UBE2J1 is identified as a novel plasma cell-related gene involved in the prognosis of high-grade serous ovarian cancer

Immune cells within tumor tissues play important roles in remodeling the tumor microenvironment, thus affecting tumor progression and the therapeutic response. The current study was designed to identify key markers of plasma cells and explore their role in high-grade serous ovarian cancer (HGSOC).

Overall, this study elucidated the role of plasma cells and revealed UBE2J1 as a novel oncogene in HGSOC, uncovering new mechanisms related to HGSOC tumorigenesis and promising therapeutic targets for HGSOC patients.

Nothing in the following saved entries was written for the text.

text \<open>Tail-Pareto rate, the solution L of P = (1 + (T-t) L / \<lambda>) powr (-\<lambda>) (for P > 0, T > t).\<close>
definition tail_pareto_rate :: "'a measure \<Rightarrow> (real \<Rightarrow> 'a measure) \<Rightarrow> (real \<Rightarrow> 'a \<Rightarrow> real)
    \<Rightarrow> real \<Rightarrow> real \<Rightarrow> real \<Rightarrow> 'a \<Rightarrow> real" where
  "tail_pareto_rate M F \<pi> lam t T \<omega> =
     lam / (T - t) * (bond_price M F \<pi> t T \<omega> powr (- 1 / lam) - 1)"

definition is_ess_sup_fam :: "'a measure \<Rightarrow> 'a measure \<Rightarrow> 'i set \<Rightarrow> ('i \<Rightarrow> 'a \<Rightarrow> ereal)
    \<Rightarrow> ('a \<Rightarrow> ereal) \<Rightarrow> bool" where
  "is_ess_sup_fam M N I f g \<longleftrightarrow>
     g \<in> borel_measurable N \<and>
     (\<forall>i\<in>I. AE \<omega> in M. f i \<omega> \<le> g \<omega>) \<and>
     (\<forall>h\<in>borel_measurable N. (\<forall>i\<in>I. AE \<omega> in M. f i \<omega> \<le> h \<omega>) \<longrightarrow> (AE \<omega> in M. g \<omega> \<le> h \<omega>))"

definition is_ess_inf_fam :: "'a measure \<Rightarrow> 'a measure \<Rightarrow> 'i set \<Rightarrow> ('i \<Rightarrow> 'a \<Rightarrow> ereal)
    \<Rightarrow> ('a \<Rightarrow> ereal) \<Rightarrow> bool" where
  "is_ess_inf_fam M N I f g \<longleftrightarrow>
     g \<in> borel_measurable N \<and>
     (\<forall>i\<in>I. AE \<omega> in M. g \<omega> \<le> f i \<omega>) \<and>
     (\<forall>h\<in>borel_measurable N. (\<forall>i\<in>I. AE \<omega> in M. h \<omega> \<le> f i \<omega>) \<longrightarrow> (AE \<omega> in M. h \<omega> \<le> g \<omega>))"

definition ess_sup_fam :: "'a measure \<Rightarrow> 'a measure \<Rightarrow> 'i set \<Rightarrow> ('i \<Rightarrow> 'a \<Rightarrow> ereal) \<Rightarrow> 'a \<Rightarrow> ereal" where
  "ess_sup_fam M N I f = (SOME g. is_ess_sup_fam M N I f g)"

definition ess_inf_fam :: "'a measure \<Rightarrow> 'a measure \<Rightarrow> 'i set \<Rightarrow> ('i \<Rightarrow> 'a \<Rightarrow> ereal) \<Rightarrow> 'a \<Rightarrow> ereal" where
  "ess_inf_fam M N I f = (SOME g. is_ess_inf_fam M N I f g)"

definition ess_limsup_top :: "'a measure \<Rightarrow> 'a measure \<Rightarrow> real set \<Rightarrow> (real \<Rightarrow> 'a \<Rightarrow> ereal) \<Rightarrow> 'a \<Rightarrow> ereal" where
  "ess_limsup_top M N D f = ess_inf_fam M N (UNIV :: real set) (\<lambda>x. ess_sup_fam M N {T\<in>D. x \<le> T} f)"

definition long_tail_pareto_rate :: "'a measure \<Rightarrow> (real \<Rightarrow> 'a measure) \<Rightarrow> (real \<Rightarrow> 'a \<Rightarrow> real)
    \<Rightarrow> real \<Rightarrow> real \<Rightarrow> 'a \<Rightarrow> ereal" where
  "long_tail_pareto_rate M F \<pi> lam t =
     ess_limsup_top M (F t) {t<..} (\<lambda>T \<omega>. ereal (tail_pareto_rate M F \<pi> lam t T \<omega>))"

end

theory Submission
  imports Defs
begin

text \<open>
  Put \<open>\<Theta>\<^sub>t = ess sup\<^sub>x ess inf\<^sub>T\<^sub>\<ge>\<^sub>x (T - t)\<^sup>\<lambda> E[\<pi>\<^sub>T | F\<^sub>t]\<close>, the essential lower limit of
  \<open>(T - t)\<^sup>\<lambda> \<pi>\<^sub>t P\<^sub>t\<^sub>T\<close>. Solving the defining equation of the tail-Pareto rate gives
  \<open>L\<^sub>t\<^sub>T + \<lambda>/(T - t) = \<lambda> (\<pi>\<^sub>t / ((T - t)\<^sup>\<lambda> E[\<pi>\<^sub>T | F\<^sub>t]))\<^sup>1\<^sup>/\<^sup>\<lambda>\<close>, and
  \<open>v \<mapsto> \<lambda> (\<pi>\<^sub>t / v)\<^sup>1\<^sup>/\<^sup>\<lambda>\<close> is an order-reversing bijection of \<open>[0, \<infinity>]\<close>; being one half of an
  antitone Galois connection it turns the essential lower limit of the weighted bond prices
  into the essential upper limit of the rates, so \<open>L\<^sub>t\<^sub>\<infinity> = \<lambda> (\<pi>\<^sub>t / \<Theta>\<^sub>t)\<^sup>1\<^sup>/\<^sup>\<lambda>\<close>.

  Finiteness: \<open>E \<Theta>\<^sub>t \<le> liminf E[T\<^sup>\<lambda> \<pi>\<^sub>T] < \<infinity>\<close> by monotone convergence.
  Positivity: if \<open>y \<le> T\<^sup>\<lambda> \<pi>\<^sub>T\<close> for all large \<open>T\<close>, then a multiple of \<open>E[y | F\<^sub>t]\<close> lies below
  \<open>\<Theta>\<^sub>t\<close>, so \<open>y\<close> vanishes on \<open>{\<Theta>\<^sub>t = 0}\<close>; since \<open>liminf T\<^sup>\<lambda> \<pi>\<^sub>T > 0\<close> pathwise, that set is null.
  Supermartingale: by the tower property \<open>E[(T - t)\<^sup>\<lambda> E[\<pi>\<^sub>T | F\<^sub>t] | F\<^sub>s] \<le> (T - s)\<^sup>\<lambda> E[\<pi>\<^sub>T | F\<^sub>s]\<close>
  for \<open>s \<le> t\<close>, and the inequality passes to the increasing limit in \<open>x\<close> by dominated
  convergence.
\<close>

section \<open>Essential suprema and infima of families of random variables\<close>

definition ereal_arctan :: "ereal \<Rightarrow> real" where
  "ereal_arctan x =
     arctan (real_of_ereal x) + (if x = \<infinity> then pi/2 else if x = -\<infinity> then -pi/2 else 0)"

We utilized single-cell sequencing data from the Gene Expression Omnibus (GEO) database to identify key immune cell types within HGSOC tissues and to extract related markers via the Seurat package. The effects of immune cell markers on prognosis were analyzed via univariate Cox regression, least absolute shrinkage and selection operator (LASSO) and gene set variation analysis (GSVA) of bulk sequencing data from The Cancer Genome Atlas (TCGA)-HGSOC cohort. Finally, the effects of key markers on HGSOC cells were evaluated via Cell Counting Kit-8 (CCK-8), Transwell, colony formation, wound healing, immunofluorescence and in vivo tumor growth assays.

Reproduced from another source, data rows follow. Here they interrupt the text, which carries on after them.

lemma sum_alpha_circulation:
  assumes circulation: "\<And>v. int g dvd outflow (pairs (Suc k)) e v"
    and c: "\<And>p. p \<in> pairs k \<Longrightarrow> int g dvd int (c p) - e p"
    and t: "(i, j, a) \<in> idx g k"
  shows "[(\<Sum>p\<in>pairs k. real (c p) * alpha g k p (i, j, a))
    = 2 * pi * of_int (int a * e (i, j)) / real g] (rmod (2 * pi))"
proof -
  have "g > 0" "1 \<le> i" "i < j" "j \<le> k"
    using t by (auto simp: mem_idx_iff pairs_def)
  show ?thesis
  proof (cases "j < k")
    case True
    then have "(i, j) \<in> pairs k"
      using \<open>1 \<le> i\<close> \<open>i < j\<close> by (simp add: pairs_def)
    then have "int g dvd int a * (int (c (i, j)) - e (i, j))"
      by (intro dvd_mult c)
    then have "int g dvd int a * int (c (i, j)) - int a * e (i, j)"
      by (simp add: right_diff_distrib)
    then show ?thesis
      unfolding sum_alpha_below[OF t True] rcong_2pi_fraction_iff[OF \<open>g > 0\<close>]
      by (simp add: dvd_diff_commute)
  next
    case False
    with \<open>j \<le> k\<close> have "j = k" by simp
    have "int g dvd outflow (pairs (Suc k)) e i
        + (outflow (pairs k) (\<lambda>p. int (c p)) i - outflow (pairs k) e i)"
      using circulation outflow_dvd_diff[OF c] by (rule dvd_add)
    also have "\<dots> = e (i, k) + outflow (pairs k) (\<lambda>p. int (c p)) i"
      using \<open>1 \<le> i\<close> \<open>i < j\<close> \<open>j = k\<close> by (simp add: outflow_pairs_Suc)
    finally have "int g dvd int a * (e (i, k) + outflow (pairs k) (\<lambda>p. int (c p)) i)"
      by (rule dvd_mult)
    then have "int g dvd int a * e (i, k) - (- int a * outflow (pairs k) (\<lambda>p. int (c p)) i)"
      by (simp add: algebra_simps)
    then have "[2 * pi * of_int (- int a * outflow (pairs k) (\<lambda>p. int (c p)) i) / real g
        = 2 * pi * of_int (int a * e (i, k)) / real g] (rmod (2 * pi))"
      unfolding rcong_2pi_fraction_iff[OF \<open>g > 0\<close>] .
    with sum_alpha_top[OF t[unfolded \<open>j = k\<close>]] show ?thesis
      unfolding \<open>j = k\<close> by (rule rcong_trans)
  qed
qed

lemma alpha_representation_unique:
  assumes c: "c \<in> PiE (pairs k) (\<lambda>_. {0..<g})" and c': "c' \<in> PiE (pairs k) (\<lambda>_. {0..<g})"
    and "\<And>t. t \<in> idx g k \<Longrightarrow> [\<theta> t = (\<Sum>p\<in>pairs k. real (c p) * alpha g k p t)] (rmod (2 * pi))"
    and "\<And>t. t \<in> idx g k \<Longrightarrow> [\<theta> t = (\<Sum>p\<in>pairs k. real (c' p) * alpha g k p t)] (rmod (2 * pi))"
  shows "c = c'"
proof (rule PiE_ext[OF c c'])
  have same: "[(\<Sum>p\<in>pairs k. real (c p) * alpha g k p t) = (\<Sum>p\<in>pairs k. real (c' p) * alpha g k p t)]
      (rmod (2 * pi))" if "t \<in> idx g k" for t
    using rcong_trans[OF rcong_sym assms(4)[OF that]] assms(3)[OF that] .
  fix p assume "p \<in> pairs k"
  then obtain i j where p: "p = (i, j)" "1 \<le> i" "i < j" "j < k"
    by (auto simp: pairs_def)
  have bounds: "c p < g" "c' p < g"
    using \<open>p \<in> pairs k\<close> c c' by auto
  show "c p = c' p"
  proof (cases "g = 1")
    case True
    with bounds show ?thesis by simp
  next
    case False
    with bounds have t: "(i, j, 1) \<in> idx g k"
      using p by (simp add: mem_idx_iff pairs_def)
    have "int g dvd int 1 * int (c' p) - int 1 * int (c p)"
      using same[OF t] bounds unfolding sum_alpha_below[OF t \<open>j < k\<close>] p(1)
      by (simp only: rcong_2pi_fraction_iff)
    then have "int (c' p) mod int g = int (c p) mod int g"
      by (simp add: mod_eq_dvd_iff)
    with bounds show ?thesis
      by simp
  qed
qed

lemma Lambda0_pair_characters:
  assumes "g > 0" and "\<theta> \<in> Lambda0 g k"
  obtains e :: "nat \<times> nat \<Rightarrow> int" where "\<And>i j n. (i, j) \<in> pairs (Suc k) \<Longrightarrow>
    [pair_angle g \<theta> i j n = 2 * pi * of_int (n * e (i, j)) / real g] (rmod (2 * pi))"
proof -
  have "\<forall>p\<in>pairs (Suc k). \<exists>e. \<forall>n.
      [pair_angle g \<theta> (fst p) (snd p) n = 2 * pi * of_int (n * e) / real g] (rmod (2 * pi))"
  proof
    fix p assume "p \<in> pairs (Suc k)"
    then have "(fst p, snd p) \<in> pairs (Suc k)"
      by simp
    from Lambda0_pair_angle_character[OF assms this] show "\<exists>e. \<forall>n.
        [pair_angle g \<theta> (fst p) (snd p) n = 2 * pi * of_int (n * e) / real g] (rmod (2 * pi))"
      by blast
  qed
  from bchoice[OF this] obtain e where "\<forall>p\<in>pairs (Suc k). \<forall>n.
      [pair_angle g \<theta> (fst p) (snd p) n = 2 * pi * of_int (n * e p) / real g] (rmod (2 * pi))"
    by blast
  then show ?thesis
    by (intro that[of e]) fastforce
qed

lemma Lambda0_alpha_representation:
  assumes "g > 0" and "\<theta> \<in> Lambda0 g k"
  obtains c where "c \<in> PiE (pairs k) (\<lambda>_. {0..<g})"
    and "\<And>t. t \<in> idx g k \<Longrightarrow> [\<theta> t = (\<Sum>p\<in>pairs k. real (c p) * alpha g k p t)] (rmod (2 * pi))"
proof -
  obtain e where e: "\<And>i j n. (i, j) \<in> pairs (Suc k) \<Longrightarrow>
      [pair_angle g \<theta> i j n = 2 * pi * of_int (n * e (i, j)) / real g] (rmod (2 * pi))"
    using Lambda0_pair_characters[OF assms] by blast
  have circulation: "int g dvd outflow (pairs (Suc k)) e v" for v
    by (rule Lambda0_outflow_dvd[OF assms]) (rule e)
  define c where "c = restrict (\<lambda>p. nat (e p mod int g)) (pairs k)"
  have c_mem: "c \<in> PiE (pairs k) (\<lambda>_. {0..<g})"
    using \<open>g > 0\<close> by (simp add: c_def nat_less_iff)
  have c_cong: "int g dvd int (c p) - e p" if "p \<in> pairs k" for p
    using that \<open>g > 0\<close> mod_eq_dvd_iff[of "e p mod int g" "int g" "e p"] by (simp add: c_def)
  have "[\<theta> t = (\<Sum>p\<in>pairs k. real (c p) * alpha g k p t)] (rmod (2 * pi))"
    if "t \<in> idx g k" for t
  proof -
    obtain i j a where t: "t = (i, j, a)" "(i, j) \<in> pairs (Suc k)" "a \<in> {1..<g}"
      using \<open>t \<in> idx g k\<close> by (cases t) (auto simp: mem_idx_iff)
    have "\<theta> t = pair_angle g \<theta> i j (int a)"
      using t by (simp add: pair_angle_residue)
    also have "[pair_angle g \<theta> i j (int a) = 2 * pi * of_int (int a * e (i, j)) / real g] (rmod (2 * pi))"
      using e[OF t(2)] .
    also have "[2 * pi * of_int (int a * e (i, j)) / real g
        = (\<Sum>p\<in>pairs k. real (c p) * alpha g k p t)] (rmod (2 * pi))"
      using circulation c_cong \<open>t \<in> idx g k\<close>
      unfolding t(1) by (rule rcong_sym[OF sum_alpha_circulation])
    finally show ?thesis .
  qed
  with c_mem show ?thesis
    by (rule that)
qed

At the single-cell level, we detected a significant increase in the proportion of plasma cells in HGSOC samples compared to that in normal ovarian samples. Within HGSOC tissues, these plasma cells were found to interact with CD8 + T cells, fibroblasts and endothelial cells. In addition, patients in the high-plasma cell-related score group had better survival rates and higher epithelial‒mesenchymal transition (EMT), apoptosis and immune scores. Moreover, univariate Cox and LASSO regression analyses revealed that ubiquitin-conjugating enzyme E2 J1 (UBE2J1) is a prognostic marker in HGSOC. Further functional studies revealed that overexpression of UBE2J1 promoted cell proliferation, invasion, migration and colony formation, whereas UBE2J1 knockdown attenuated the abovementioned cellular behaviors. Additionally, UBE2J1 overexpression promoted EMT, as evidenced by alterations in the protein expression levels of N-cadherin, snail family transcriptional repressor 2 (Slug), Twist family BHLH transcription factor 1 (Twist 1) and E-cadherin. Moreover, we found that UBE2J1 silencing was able to inhibit the tumor growth in vivo. Conclusions: Overall, this study elucidated the role of plasma cells and revealed UBE2J1 as a novel oncogene in HGSOC, uncovering new mechanisms related to HGSOC tumorigenesis and promising therapeutic targets for HGSOC patients.